B. UN DROIT QUE LE LÉGISLATEUR NATIONAL A CONSACRÉ SANS POUR AUTANT EN AVOIR GARANTI L'EFFECTIVITÉ

1. Malgré des dispositions législatives qui favorisent l'accès à l'eau pour tous...

Reconnu tardivement, par la loi n° 2006-1772 du 30 décembre 2006 sur l'eau et les milieux aquatiques (dite « LEMA »), le droit autonome d'accès à l'eau prévoit que « chaque personne physique, pour son alimentation et son hygiène, a le droit d'accéder à l'eau potable dans des conditions économiquement acceptables par tous ».

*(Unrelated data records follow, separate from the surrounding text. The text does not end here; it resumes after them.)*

lemma sum_tail_split:
  fixes g :: "nat \<Rightarrow> 'a::comm_monoid_add"
  assumes "x \<le> y" "y \<le> m"
  shows "(\<Sum>j\<in>{x+1..m}. g j) = (\<Sum>j\<in>{x+1..y}. g j) + (\<Sum>j\<in>{y+1..m}. g j)"
proof -
  have "{x+1..m} = {x+1..y} \<union> {y+1..m}" using assms by auto
  then show ?thesis by (simp add: sum.union_disjoint ivl_disj_int_two)
qed

lemma tail_sum_le_of_full_prefix:
  fixes a q :: "nat \<Rightarrow> real"
  assumes "v \<le> m" "\<forall>j\<in>{1..v}. q j = lam"
    and "(\<Sum>j\<in>{v+1..m}. a j) + (\<Sum>j\<in>{1..m}. q j) \<le> N + lam * real v"
  shows "(\<Sum>j\<in>{v+1..m}. a j + q j) \<le> N"
proof -
  have "(\<Sum>j\<in>{0+1..m}. q j) = (\<Sum>j\<in>{0+1..v}. q j) + (\<Sum>j\<in>{v+1..m}. q j)"
    using assms(1) by (intro sum_tail_split) auto
  moreover have "(\<Sum>j\<in>{1..v}. q j) = real v * lam"
    using assms(2) by simp
  ultimately show ?thesis
    using assms(3) by (simp add: sum.distrib algebra_simps)
qed

lemma water_filling_zones:
  fixes a :: "nat \<Rightarrow> real" and t lam :: real
  defines "q \<equiv> \<lambda>j. min lam (max 0 (t - a j))"
  assumes lam: "0 \<le> lam" and mono: "mono_on {1..m} a"
  obtains u v where "u \<le> m" "v \<le> m"
    and "\<forall>j\<in>{u<..m}. q j = 0" and "\<forall>j\<in>{1..v}. q j = lam"
    and "\<forall>j. v < j \<longrightarrow> j \<le> u \<longrightarrow> a j + q j = t"
proof -
  obtain u where u: "u \<le> m" "\<forall>j\<in>{1..u}. \<not> t < a j" "\<forall>j\<in>{u<..m}. t < a j"
    using mono_on_threshold[OF mono, of "\<lambda>x. t < x"] by force
  have "mono_on {1..m} (\<lambda>j. a j + q j)"
    unfolding q_def using mono lam by (rule mono_on_water_filled)
  then obtain v where v: "v \<le> m" "\<forall>j\<in>{1..v}. \<not> t \<le> a j + q j" "\<forall>j\<in>{v<..m}. t \<le> a j + q j"
    using mono_on_threshold[of m _ "\<lambda>x. t \<le> x"] by force
  have "q j = 0" if "j \<in> {u<..m}" for j
    using u(3) that lam by (auto simp: q_def)
  moreover have "q j = lam" if "j \<in> {1..v}" for j
    using v(2) that by (auto simp: q_def min_def max_def split: if_splits)
  moreover have "a j + q j = t" if "v < j" "j \<le> u" for j
  proof -
    have "t \<le> a j + q j" "\<not> t < a j"
      using u v that by auto
    then show ?thesis by (auto simp: q_def not_less)
  qed
  ultimately show ?thesis
    using that u(1) v(1) by blast
qed

lemma water_filling_tail_bound:
  fixes a :: "nat \<Rightarrow> real" and t lam C :: real
  defines "q \<equiv> \<lambda>j. min lam (max 0 (t - a j))"
  assumes lam: "0 \<le> lam" and mono: "mono_on {1..m} a" and "k \<le> m"
    and tail: "\<And>k. k \<le> m \<Longrightarrow> (\<Sum>j\<in>{k+1..m}. a j) \<le> tail_capacity C lam m k"
    and tail_plus: "\<And>k. k \<le> m \<Longrightarrow>
      (\<Sum>j\<in>{k+1..m}. a j) + (\<Sum>j\<in>{1..m}. q j) \<le> tail_capacity C lam m k + lam * real k"
  shows "(\<Sum>j\<in>{k+1..m}. a j + q j) \<le> tail_capacity C lam m k"
proof -
  obtain u v where u: "u \<le> m" and v: "v \<le> m"
    and q_zero: "\<forall>j\<in>{u<..m}. q j = 0" and q_full: "\<forall>j\<in>{1..v}. q j = lam"
    and level: "\<forall>j. v < j \<longrightarrow> j \<le> u \<longrightarrow> a j + q j = t"
    using water_filling_zones[OF lam mono] unfolding q_def by blast
  have level_sum: "(\<Sum>j\<in>{x+1..m}. a j + q j) = (\<Sum>j\<in>{u+1..m}. a j) + (real u - real x) * t"
    if "v \<le> x" "x \<le> u" for x
  proof -
    have "(\<Sum>j\<in>{x+1..u}. a j + q j) = (\<Sum>j\<in>{x+1..u}. t)"
      using level that by (intro sum.cong) auto
    moreover have "(\<Sum>j\<in>{u+1..m}. a j + q j) = (\<Sum>j\<in>{u+1..m}. a j)"
      using q_zero by (intro sum.cong) auto
    ultimately show ?thesis
      using sum_tail_split[of x u m "\<lambda>j. a j + q j"] that u by (simp add: of_nat_diff)
  qed
  consider "u \<le> k" | "k \<le> v" | "v < k" "k < u" by linarith
  then show ?thesis
  proof cases
    case 1
    then have "(\<Sum>j\<in>{k+1..m}. a j + q j) = (\<Sum>j\<in>{k+1..m}. a j)"
      using q_zero by (intro sum.cong) auto
    then show ?thesis using tail \<open>k \<le> m\<close> by simp
  next
    case 2
    then have "\<forall>j\<in>{1..k}. q j = lam"
      using q_full by simp
    then show ?thesis
      using tail_sum_le_of_full_prefix[OF \<open>k \<le> m\<close> _ tail_plus[OF \<open>k \<le> m\<close>]] by blast
  next
    case 3
    have "(\<Sum>j\<in>{u+1..m}. a j) \<le> tail_capacity C lam m u"
      using tail u by blast
    moreover have "(\<Sum>j\<in>{u+1..m}. a j) + (real u - real v) * t \<le> tail_capacity C lam m v"
      using level_sum[of v] tail_sum_le_of_full_prefix[OF v q_full tail_plus[OF v]] 3 by simp
    ultimately show ?thesis
      using tail_capacity_above_chord[OF 3(1) _ lam] level_sum[of k] 3 by simp
  qed
qed

lemma tail_bounds_drop_last:
  assumes mono: "mono_on {1..Suc m} a"
    and tail: "\<And>k. k \<le> Suc m \<Longrightarrow> (\<Sum>j\<in>{k+1..Suc m}. a j) \<le> tail_capacity c lam (Suc m) k"
    and "k \<le> m"
  shows "(\<Sum>j\<in>{k+1..m}. a j) \<le> tail_capacity (c + lam) lam m k"
    and "(\<Sum>j\<in>{k+1..m}. a j) + (a (Suc m) - c) \<le> tail_capacity (c + lam) lam m k + lam * real k"
proof -
  have "(\<Sum>j\<in>{k+1..m}. a j) \<le> (\<Sum>j\<in>{k+1..m}. a (Suc j))"
    using mono_onD[OF mono] by (intro sum_mono) auto
  also have "\<dots> = (\<Sum>j\<in>{Suc k+1..Suc m}. a j)"
    by (simp flip: sum.shift_bounds_cl_Suc_ivl)
  also have "\<dots> \<le> tail_capacity c lam (Suc m) (Suc k)"
    using tail \<open>k \<le> m\<close> by simp
  finally show "(\<Sum>j\<in>{k+1..m}. a j) \<le> tail_capacity (c + lam) lam m k"
    by (simp add: tail_capacity_Suc_Suc)
  have "(\<Sum>j\<in>{k+1..m}. a j) + a (Suc m) \<le> tail_capacity c lam (Suc m) k"
    using tail[of k] \<open>k \<le> m\<close> by simp
  then show "(\<Sum>j\<in>{k+1..m}. a j) + (a (Suc m) - c) \<le> tail_capacity (c + lam) lam m k + lam * real k"
    by (simp add: tail_capacity_Suc)
qed

lemma supplies_exist:
  assumes "0 \<le> c" "0 \<le> lam" "mono_on {1..m} a"
    and "\<And>k. k \<le> m \<Longrightarrow> (\<Sum>j\<in>{k+1..m}. a j) \<le> tail_capacity c lam m k"
  shows "\<exists>s p. supplies m c lam s p a"
  using assms
proof (induction m arbitrary: c a)
  case 0
  then show ?case by (simp add: supplies_def)
next
  case (Suc m)
  have c: "0 \<le> c" and lam: "0 \<le> lam" and mono: "mono_on {1..Suc m} a"
    and tail: "\<And>k. k \<le> Suc m \<Longrightarrow> (\<Sum>j\<in>{k+1..Suc m}. a j) \<le> tail_capacity c lam (Suc m) k"
    using Suc.prems by blast+
  define w where "w = max 0 (a (Suc m) - c)"
  have "a (Suc m) \<le> c + real m * lam"
    using tail[of m] by (simp add: tail_capacity_def mult.commute)
  then obtain t where t: "(\<Sum>j\<in>{1..m}. min lam (max 0 (t - a j))) = w"
    using water_level_exists[of lam w m a] lam by (auto simp: w_def)
  define q where "q j = min lam (max 0 (t - a j))" for j
  have mono_m: "mono_on {1..m} a"
    using mono by (rule mono_on_subset) auto
  have tail_m: "(\<Sum>j\<in>{k+1..m}. a j) \<le> tail_capacity (c + lam) lam m k"
    and tail_plus: "(\<Sum>j\<in>{k+1..m}. a j) + (\<Sum>j\<in>{1..m}. q j) \<le> tail_capacity (c + lam) lam m k + lam * real k"
    if "k \<le> m" for k
  proof -
    have "0 \<le> lam * real k" using lam by simp
    with tail_bounds_drop_last[OF mono tail that] t
    show "(\<Sum>j\<in>{k+1..m}. a j) \<le> tail_capacity (c + lam) lam m k"
      and "(\<Sum>j\<in>{k+1..m}. a j) + (\<Sum>j\<in>{1..m}. q j) \<le> tail_capacity (c + lam) lam m k + lam * real k"
      by (auto simp: q_def w_def max_def)
  qed
  have "\<exists>s' p'. supplies m (c + lam) lam s' p' (\<lambda>j. a j + q j)"
  proof (rule Suc.IH)
    show "0 \<le> c + lam" "0 \<le> lam" using c lam by simp_all
    show "mono_on {1..m} (\<lambda>j. a j + q j)"
      unfolding q_def using mono_m lam by (rule mono_on_water_filled)
    show "(\<Sum>j\<in>{k+1..m}. a j + q j) \<le> tail_capacity (c + lam) lam m k" if "k \<le> m" for k
      using water_filling_tail_bound[OF lam mono_m that, of "c + lam" t] tail_m tail_plus
      by (simp add: q_def)
  qed
  then obtain s' p' where "supplies m (c + lam) lam s' p' (\<lambda>j. a j + q j)" by blast
  moreover have "0 \<le> q j \<and> q j \<le> lam" for j
    using lam by (simp add: q_def)
  moreover have "a (Suc m) \<le> c + (\<Sum>j\<in>{1..m}. q j)"
    using t by (simp add: q_def w_def)
  ultimately show ?case
    using supplies_extend c by blast
qed

theorem theorem2:
  fixes m :: nat and lambda1 lambda2 :: real and f :: "nat \<Rightarrow> real"
  assumes "m \<ge> 1" and "lambda1 \<ge> 0" and "lambda2 \<ge> 0"
    and "\<And>i j. 1 \<le> i \<Longrightarrow> i \<le> j \<Longrightarrow> j \<le> m \<Longrightarrow> \<bar>f i\<bar> \<le> \<bar>f j\<bar>"
  shows "(\<exists>xi0 :: nat \<Rightarrow> real. \<exists>xi :: nat \<Rightarrow> nat \<Rightarrow> real.
            (\<forall>i\<in>{1..m}. \<bar>xi0 i\<bar> \<le> lambda1) \<and>
            (\<forall>i\<in>{1..m}. \<forall>j\<in>{1..m}. i \<noteq> j \<longrightarrow>
                 \<bar>xi i j\<bar> \<le> lambda2 \<and> \<bar>xi i j\<bar> + \<bar>xi j i\<bar> \<le> lambda2) \<and>
            (\<forall>i\<in>{1..m}. f i + xi0 i + (\<Sum>j\<in>{1..m} - {i}. xi i j) = 0))
         \<longleftrightarrow>
         (\<forall>k\<in>{0..m-1}. (\<Sum>j\<in>{k+1..m}. \<bar>f j\<bar>)
            \<le> lambda1 * real (m - k) + lambda2 * (real (m - k) * (real m + real k - 1) / 2))"
  (is "?L \<longleftrightarrow> ?R")
proof -
  let ?tail_bound = "\<lambda>k. (\<Sum>j\<in>{k+1..m}. \<bar>f j\<bar>) \<le> tail_capacity lambda1 lambda2 m k"
  have mono: "mono_on {1..m} (\<lambda>j. \<bar>f j\<bar>)"
    using assms(4) by (intro mono_onI) auto
  have "?L \<longleftrightarrow> (\<exists>xi0 xi. balances m lambda1 lambda2 f xi0 xi)"
    by (simp add: balances_def)
  also have "\<dots> \<longleftrightarrow> (\<forall>k\<le>m. ?tail_bound k)"
  proof
    assume "\<exists>xi0 xi. balances m lambda1 lambda2 f xi0 xi"
    then show "\<forall>k\<le>m. ?tail_bound k"
      using balances_tail_sum_le by blast
  next
    assume "\<forall>k\<le>m. ?tail_bound k"
    then obtain s p where "supplies m lambda1 lambda2 s p (\<lambda>j. \<bar>f j\<bar>)"
      using supplies_exist[OF assms(2,3) mono] by blast
    then show "\<exists>xi0 xi. balances m lambda1 lambda2 f xi0 xi"
      by (rule balances_of_supplies)
  qed
  also have "\<dots> \<longleftrightarrow> (\<forall>k\<in>{0..m-1}. ?tail_bound k)"
  proof -
    have "k \<le> m \<longleftrightarrow> k \<in> {0..m-1} \<or> k = m" for k
      using assms(1) by auto
    moreover have "?tail_bound m" by simp
    ultimately show ?thesis by blast
  qed
  also have "\<dots> \<longleftrightarrow> ?R"
    by (simp add: tail_capacity_def of_nat_diff)
  finally show ?thesis .
qed

end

Cette affirmation de portée générale a constitué depuis lors la base juridique pour la mise en oeuvre de l'ensemble des dispositifs visant à rendre effectif ce droit à l'eau, à l'instar de la loi n° 2013-312 du 15 avril 2013 précitée qui a introduit la possibilité pour les collectivités compétentes de mettre en place des expérimentations « en vue de favoriser l'accès à l'eau et de mettre en oeuvre une tarification sociale de l'eau » et interdit les coupures d'eau ainsi que les réductions de débit par les distributeurs en cas de non-paiement des factures d'eau, et ce sans condition de ressources .

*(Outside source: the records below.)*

lemma dft_rotate:
  fixes p :: nat
  assumes "j < p"
  shows "dft p (\<lambda>i. q ((i + p - j) mod p)) m = xi p ^ (m * j) * dft p q m"
proof -
  have p: "0 < p" using assms by simp
  have "dft p (\<lambda>i. q ((i + p - j) mod p)) m
      = (\<Sum>i<p. xi p ^ (m * ((i + j) mod p)) * q (((i + j) mod p + p - j) mod p))"
    unfolding dft_def
    by (rule sum.reindex_bij_betw[OF bij_betw_rotation_inverse[OF assms], symmetric])
  also have "\<dots> = (\<Sum>i<p. xi p ^ (m * j) * (xi p ^ (m * i) * q i))"
    by (intro sum.cong refl)
      (simp add: rotation_inverse_right assms xi_pow_mult_mod[OF p] distrib_left power_add)
  finally show ?thesis by (simp add: dft_def sum_distrib_left)
qed

definition inv_mod :: "nat \<Rightarrow> nat \<Rightarrow> nat" where
  "inv_mod p m = (SOME n. [m * n = 1] (mod p))"

lemma inv_mod_cong: "coprime m p \<Longrightarrow> [m * inv_mod p m = 1] (mod p)"
  unfolding inv_mod_def using cong_solve_coprime_nat[of m p] by (auto intro: someI_ex)

lemma xi_pow_inv_mod:
  assumes "0 < p" "coprime m p"
  shows "(xi p ^ (m * j)) ^ inv_mod p m = xi p ^ j"
proof -
  have "(m * inv_mod p m * j) mod p = j mod p"
    using inv_mod_cong[OF assms(2)] unfolding cong_def by (metis mod_mult_left_eq mult_1)
  then have "xi p ^ (m * inv_mod p m * j) = xi p ^ j"
    by (metis xi_pow_mod[OF assms(1)])
  then show ?thesis
    by (simp add: power_mult[symmetric] ac_simps)
qed

subsection \<open>The torus and its representations U_k\<close>

lemma torus_norm: "t \<in> torus p \<Longrightarrow> cmod (t i) = 1"
  unfolding torus_def by (cases "i = 0 \<or> p \<le> i") auto

lemma prod_torus_ratio:
  assumes "t \<in> torus p"
  shows "(\<Prod>i<p. t (Suc i) / t i) = 1"
proof -
  have "t i \<noteq> 0" for i
    using torus_norm[OF assms, of i] by auto
  then have "(\<Prod>i<p. t (Suc i) / t i) = t p / t 0"
    by (intro prod_lessThan_telescope)
  moreover have "t p = 1" "t 0 = 1"
    using assms unfolding torus_def by auto
  ultimately show ?thesis by simp
qed

lemma prod_power_int_distrib: "(\<Prod>i\<in>A. f i powi k) = (\<Prod>i\<in>A. f i) powi k"
  for f :: "'b \<Rightarrow> 'a::field"
  by (induction A rule: infinite_finite_induct) (simp_all add: power_int_mult_distrib)

lemma actU_apply:
  "i < p \<Longrightarrow> actU p k t j z i = (t (Suc i) / t i) powi k * z ((i + p - j) mod p)"
  by (simp add: actU_def divide_inverse_commute power_int_mult_distrib power_int_inverse
      power_int_minus)

lemma prod_actU:
  fixes p :: nat
  assumes "t \<in> torus p" "j < p"
  shows "(\<Prod>i<p. actU p k t j z i) = (\<Prod>i<p. z i)"
proof -
  have "(\<Prod>i<p. actU p k t j z i)
      = (\<Prod>i<p. t (Suc i) / t i) powi k * (\<Prod>i<p. z ((i + p - j) mod p))"
    by (simp add: actU_apply prod.distrib prod_power_int_distrib)
  also have "(\<Prod>i<p. z ((i + p - j) mod p)) = (\<Prod>i<p. z i)"
    by (rule prod.reindex_bij_betw[OF bij_betw_rotation[OF assms(2)]])
  finally show ?thesis using prod_torus_ratio[OF assms(1)] by simp
qed

lemma norm_actU:
  "t \<in> torus p \<Longrightarrow> i < p \<Longrightarrow> cmod (actU p k t j z i) = cmod (z ((i + p - j) mod p))"
  by (simp add: actU_apply norm_mult norm_power_int norm_divide torus_norm)

lemma sum_norm_actU:
  fixes p :: nat
  assumes "t \<in> torus p" "j < p"
  shows "(\<Sum>i<p. (cmod (actU p k t j z i))\<^sup>2) = (\<Sum>i<p. (cmod (z i))\<^sup>2)"
proof -
  have "(\<Sum>i<p. (cmod (actU p k t j z i))\<^sup>2) = (\<Sum>i<p. (cmod (z ((i + p - j) mod p)))\<^sup>2)"
    by (simp add: norm_actU[OF assms(1)])
  also have "\<dots> = (\<Sum>i<p. (cmod (z i))\<^sup>2)"
    by (rule sum.reindex_bij_betw[OF bij_betw_rotation[OF assms(2)]])
  finally show ?thesis .
qed

definition upper_block :: "nat \<Rightarrow> (nat \<Rightarrow> 'a) \<Rightarrow> nat \<Rightarrow> 'a" where
  "upper_block p z i = z (i + p)"

lemma actDom_lower: "i < p \<Longrightarrow> actDom p t j z i = actU p 1 t j z i"
  by (simp add: actDom_def)

lemma upper_block_actDom: "upper_block p (actDom p t j z) = actU p 1 t j (upper_block p z)"
  by (auto simp: fun_eq_iff upper_block_def actDom_def actU_def)

lemma actCod_lower: "i < p \<Longrightarrow> actCod p t j w i = actU p (int p) t j w i"
  by (simp add: actCod_def)

lemma actCod_middle: "p \<le> i \<Longrightarrow> i < 2 * p - 1 \<Longrightarrow> actCod p t j w i = xi p ^ j * w i"
  by (simp add: actCod_def)

lemma actCod_upper: "2 * p - 1 \<le> i \<Longrightarrow> actCod p t j w i = 0"
  by (simp add: actCod_def)

lemma sum_norm_actCod:
  fixes p :: nat
  assumes "t \<in> torus p" "j < p"
  shows "(\<Sum>i<2 * p - 1. (cmod (actCod p t j w i))\<^sup>2) = (\<Sum>i<2 * p - 1. (cmod (w i))\<^sup>2)"
proof -
  have split: "(\<Sum>i<2 * p - 1. g i) = (\<Sum>i<p. g i) + (\<Sum>i=p..<2 * p - 1. g i)" for g :: "nat \<Rightarrow> real"
    using sum.atLeastLessThan_concat[of 0 p "2 * p - 1" g] assms(2) by (simp add: atLeast0LessThan)
  have "(\<Sum>i<p. (cmod (actCod p t j w i))\<^sup>2) = (\<Sum>i<p. (cmod (w i))\<^sup>2)"
    using sum_norm_actU[OF assms, of "int p" w] by (simp add: actCod_lower)
  moreover have "(\<Sum>i=p..<2 * p - 1. (cmod (actCod p t j w i))\<^sup>2) = (\<Sum>i=p..<2 * p - 1. (cmod (w i))\<^sup>2)"
    by (intro sum.cong refl) (simp add: actCod_middle norm_mult norm_power)
  ultimately show ?thesis unfolding split by simp
qed

subsection \<open>An equivariant polynomial map\<close>

definition power_prod :: "nat \<Rightarrow> (nat \<Rightarrow> complex) \<Rightarrow> nat \<Rightarrow> complex" where
  "power_prod p u i = u i ^ p * cnj (\<Prod>l<p. u l)"

lemma power_prod_actU:
  fixes p :: nat
  assumes "t \<in> torus p" "j < p" "i < p"
  shows "power_prod p (actU p 1 t j u) i = actU p (int p) t j (power_prod p u) i"
  unfolding power_prod_def prod_actU[OF assms(1,2)]
  using assms(3) by (simp add: actU_apply power_mult_distrib power_divide)

lemma power_prod_actDom:
  fixes p :: nat
  assumes "t \<in> torus p" "j < p" "i < p"
  shows "power_prod p (actDom p t j z) i = actU p (int p) t j (power_prod p z) i"
proof -
  have "power_prod p (actDom p t j z) i = power_prod p (actU p 1 t j z) i"
    using assms(3) by (simp add: power_prod_def actDom_lower)
  then show ?thesis using power_prod_actU[OF assms] by simp
qed

definition herm_quad :: "nat \<Rightarrow> (nat \<Rightarrow> complex) \<Rightarrow> nat \<Rightarrow> complex" where
  "herm_quad p z i = of_real ((cmod (z i))\<^sup>2) + \<i> * of_real ((cmod (z (i + p)))\<^sup>2)"

lemma herm_quad_eq_iff:
  "herm_quad p z i = herm_quad p z l \<longleftrightarrow>
     cmod (z i) = cmod (z l) \<and> cmod (z (i + p)) = cmod (z (l + p))"
  by (simp add: herm_quad_def complex_eq_iff power2_eq_iff_nonneg)

lemma herm_quad_actDom:
  assumes "t \<in> torus p" "i < p"
  shows "herm_quad p (actDom p t j z) i = herm_quad p z ((i + p - j) mod p)"
proof -
  have "actDom p t j z (i + p) = actU p 1 t j (upper_block p z) i"
    using upper_block_actDom[of p t j z] unfolding upper_block_def by metis
  then show ?thesis
    using assms by (simp add: herm_quad_def actDom_lower norm_actU upper_block_def)
qed

lemma dft_herm_quad_actDom:
  fixes p :: nat
  assumes "t \<in> torus p" "j < p"
  shows "dft p (herm_quad p (actDom p t j z)) m = xi p ^ (m * j) * dft p (herm_quad p z) m"
proof -
  have "dft p (herm_quad p (actDom p t j z)) m = dft p (\<lambda>i. herm_quad p z ((i + p - j) mod p)) m"
    unfolding dft_def by (intro sum.cong refl) (simp add: herm_quad_actDom[OF assms(1)])
  then show ?thesis using dft_rotate[OF assms(2)] by simp
qed

definition equivariant_poly :: "nat \<Rightarrow> (nat \<Rightarrow> complex) \<Rightarrow> nat \<Rightarrow> complex" where
  "equivariant_poly p z i =
     (if i < p then power_prod p z i + power_prod p (upper_block p z) i
      else if i < 2 * p - 1 then dft p (herm_quad p z) (i + 1 - p) ^ inv_mod p (i + 1 - p)
      else 0)"

lemma equivariant_poly_actDom:
  assumes "prime p" "t \<in> torus p" "j < p"
  shows "equivariant_poly p (actDom p t j z) = actCod p t j (equivariant_poly p z)"
proof
  fix i
  have p: "0 < p" using assms(3) by simp
  consider "i < p" | "p \<le> i" "i < 2 * p - 1" | "2 * p - 1 \<le> i" by linarith
  then show "equivariant_poly p (actDom p t j z) i = actCod p t j (equivariant_poly p z) i"
  proof cases
    case 1
    have "(i + p - j) mod p < p" using p by simp
    with 1 show ?thesis
      by (simp add: equivariant_poly_def actCod_lower power_prod_actDom upper_block_actDom
          power_prod_actU assms(2,3) actU_apply distrib_left)
  next
    case 2
    define m where "m = i + 1 - p"
    have "0 < m" "m < p" using 2 by (auto simp: m_def)
    then have "coprime m p"
      using assms(1) by (metis coprime_commute nat_dvd_not_less prime_imp_coprime)
    then have "(xi p ^ (m * j) * dft p (herm_quad p z) m) ^ inv_mod p m
        = xi p ^ j * dft p (herm_quad p z) m ^ inv_mod p m"
      by (simp add: power_mult_distrib xi_pow_inv_mod[OF p])
    with 2 show ?thesis
      by (simp add: equivariant_poly_def actCod_middle dft_herm_quad_actDom assms(2,3) m_def)
  next
    case 3
    then show ?thesis by (simp add: equivariant_poly_def actCod_upper)
  qed
qed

La loi n° 2011-156 du 7 février 2011 relative à la solidarité dans les domaines de l'alimentation en eau et de l'assainissement, initiée par notre collègue Christian Cambon, a par ailleurs instauré un système d'aide au règlement des factures d'eau et d'assainissement en faveur des plus démunis 3 ( * ) , garantissant ainsi un accès continu à ces services vitaux.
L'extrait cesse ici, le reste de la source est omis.